Saved data entries:
lemma mur_Pprime_mod3:
  assumes n: "n \<ge> 3" "n mod 3 = 0"
  shows "mur (n + 1) (Pprime_edge n) = n - 2"
proof (rule mur_Pprime_eqI[OF n(1)])
  let ?M = "univ_adj_mat (n + 1) (Pprime_edge n) 1 1 (- 1 / real (n + 1)) (- 1)"
  let ?ones = "vec (n + 1) (\<lambda>_. 1) :: real vec"
  let ?twin = "vec (n + 1) (\<lambda>k. of_bool (k = n) - of_bool (k = n - 1)) :: real vec"
  obtain j where j: "n = 3 * j" using n(2) by (auto elim!: dvdE)
  have seq: "path_vec n period6_seq \<in> mat_kernel ?M"
  proof (rule path_vec_in_Pprime_kernel[where \<sigma> = 0])
    show "0 = - 1 / real (n + 1) * (\<Sum>k<n. period6_seq k)" using period6_seq_3j[of j] j by simp
    show "period6_seq (k + 2) + period6_seq k + - 1 * period6_seq (k + 1) + 0 = 0" for k
      by (simp add: numeral_2_eq_2)
    have "n - 2 = 3 * (j - 1) + 1" using j n(1) by auto
    then show "period6_seq (n - 2) + 0 = 0" "- 1 * period6_seq (n - 2) = 0"
      using period6_seq_3j[of "j - 1"] by simp_all
  qed (use n in auto)
  have ones: "?ones \<in> mat_kernel ?M"
    using ones_in_univ_adj_mat_kernel[of 1 "- 1 / real (n + 1)" "n + 1" "Pprime_edge n" 1] by simp
  have twin: "?twin \<in> mat_kernel ?M" by (rule Pprime_twin_in_kernel) (use n in auto)
  have carrier: "?M \<in> carrier_mat (n + 1) (n + 1)" by (rule univ_adj_mat_carrier)
  show "\<exists>v \<in> mat_kernel ?M. v $ 0 = 1 \<and> v $ 1 = 0 \<and> v $ n = 0"
    using seq n by (intro bexI[of _ "path_vec n period6_seq"]) simp_all
  have "?ones - path_vec n period6_seq \<in> mat_kernel ?M" by (rule mat_kernel_diff[OF carrier ones seq])
  then have "?ones - path_vec n period6_seq - ?twin \<in> mat_kernel ?M"
    by (rule mat_kernel_diff[OF carrier _ twin])
  then show "\<exists>v \<in> mat_kernel ?M. v $ 0 = 0 \<and> v $ 1 = 1 \<and> v $ n = 0"
    using n by (intro bexI[of _ "?ones - path_vec n period6_seq - ?twin"]) auto
  show "\<exists>v \<in> mat_kernel ?M. v $ 0 = 0 \<and> v $ 1 = 0 \<and> v $ n = 1"
    using twin n by (intro bexI[of _ ?twin]) auto
qed

lemma mur_Pprime_4j_plus_3:
  assumes n: "n = 4 * j + 3" "j \<ge> 1"
  shows "mur (n + 1) (Pprime_edge n) = n - 2"
proof (rule mur_Pprime_eqI)
  let ?M = "univ_adj_mat (n + 1) (Pprime_edge n) 1 0 (- 2 / real (n + 1)) 0"
  let ?twin = "vec (n + 1) (\<lambda>k. of_bool (k = n) - of_bool (k = n - 1)) :: real vec"
  have n_2: "n - 2 = 4 * j + 1" using n by simp
  have seq: "path_vec n period4_seq \<in> mat_kernel ?M"
  proof (rule path_vec_in_Pprime_kernel[where \<sigma> = 0])
    show "0 = - 2 / real (n + 1) * (\<Sum>k<n. period4_seq k)"
      using period4_seq_4j[of j] unfolding n(1) by (simp add: numeral_3_eq_3)
    show "period4_seq (k + 2) + period4_seq k + 0 * period4_seq (k + 1) + 0 = 0" for k
      by (simp add: numeral_2_eq_2)
    show "period4_seq (n - 2) + 0 = 0" using period4_seq_4j[of j] unfolding n_2 by simp
  qed (use n in auto)
  have pairs: "path_vec n period4_pairs_seq \<in> mat_kernel ?M"
  proof (rule path_vec_in_Pprime_kernel[where \<sigma> = "- 1"])
    have "(\<Sum>k<n. period4_pairs_seq k) = (\<Sum>k<4 * j. period4_pairs_seq k)
        + period4_pairs_seq (4 * j) + period4_pairs_seq (4 * j + 1) + period4_pairs_seq (4 * j + 2)"
      unfolding n(1) by (simp add: numeral_3_eq_3 numeral_2_eq_2)
    then have sum: "(\<Sum>k<n. period4_pairs_seq k) = 2 * real j + 2"
      using period4_pairs_seq_4j[of j] by (simp add: numeral_2_eq_2)
    have "real (n + 1) = 2 * (2 * real j + 2)" using n(1) by simp
    then show "- 1 = - 2 / real (n + 1) * (\<Sum>k<n. period4_pairs_seq k)"
      unfolding sum by simp
    show "period4_pairs_seq (k + 2) + period4_pairs_seq k + 0 * period4_pairs_seq (k + 1) + - 1 = 0" for k
      by (simp add: numeral_2_eq_2)
    show "period4_pairs_seq (n - 2) + - 1 = 0" using period4_pairs_seq_4j[of j] unfolding n_2 by simp
  qed (use n in auto)
  have twin: "?twin \<in> mat_kernel ?M" by (rule Pprime_twin_in_kernel) (use n in auto)
  show "\<exists>v \<in> mat_kernel ?M. v $ 0 = 1 \<and> v $ 1 = 0 \<and> v $ n = 0"
    using seq n by (intro bexI[of _ "path_vec n period4_seq"]) simp_all
  show "\<exists>v \<in> mat_kernel ?M. v $ 0 = 0 \<and> v $ 1 = 1 \<and> v $ n = 0"
    using pairs n by (intro bexI[of _ "path_vec n period4_pairs_seq"]) simp_all
  show "\<exists>v \<in> mat_kernel ?M. v $ 0 = 0 \<and> v $ 1 = 0 \<and> v $ n = 1"
    using twin n by (intro bexI[of _ ?twin]) auto
qed (use n in simp)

What to do:
Find each line above that contains "where", and copy those lines.

Reply:
  obtain j where j: "n = 3 * j" using n(2) by (auto elim!: dvdE)
  proof (rule path_vec_in_Pprime_kernel[where \<sigma> = 0])
  proof (rule path_vec_in_Pprime_kernel[where \<sigma> = 0])
  proof (rule path_vec_in_Pprime_kernel[where \<sigma> = "- 1"])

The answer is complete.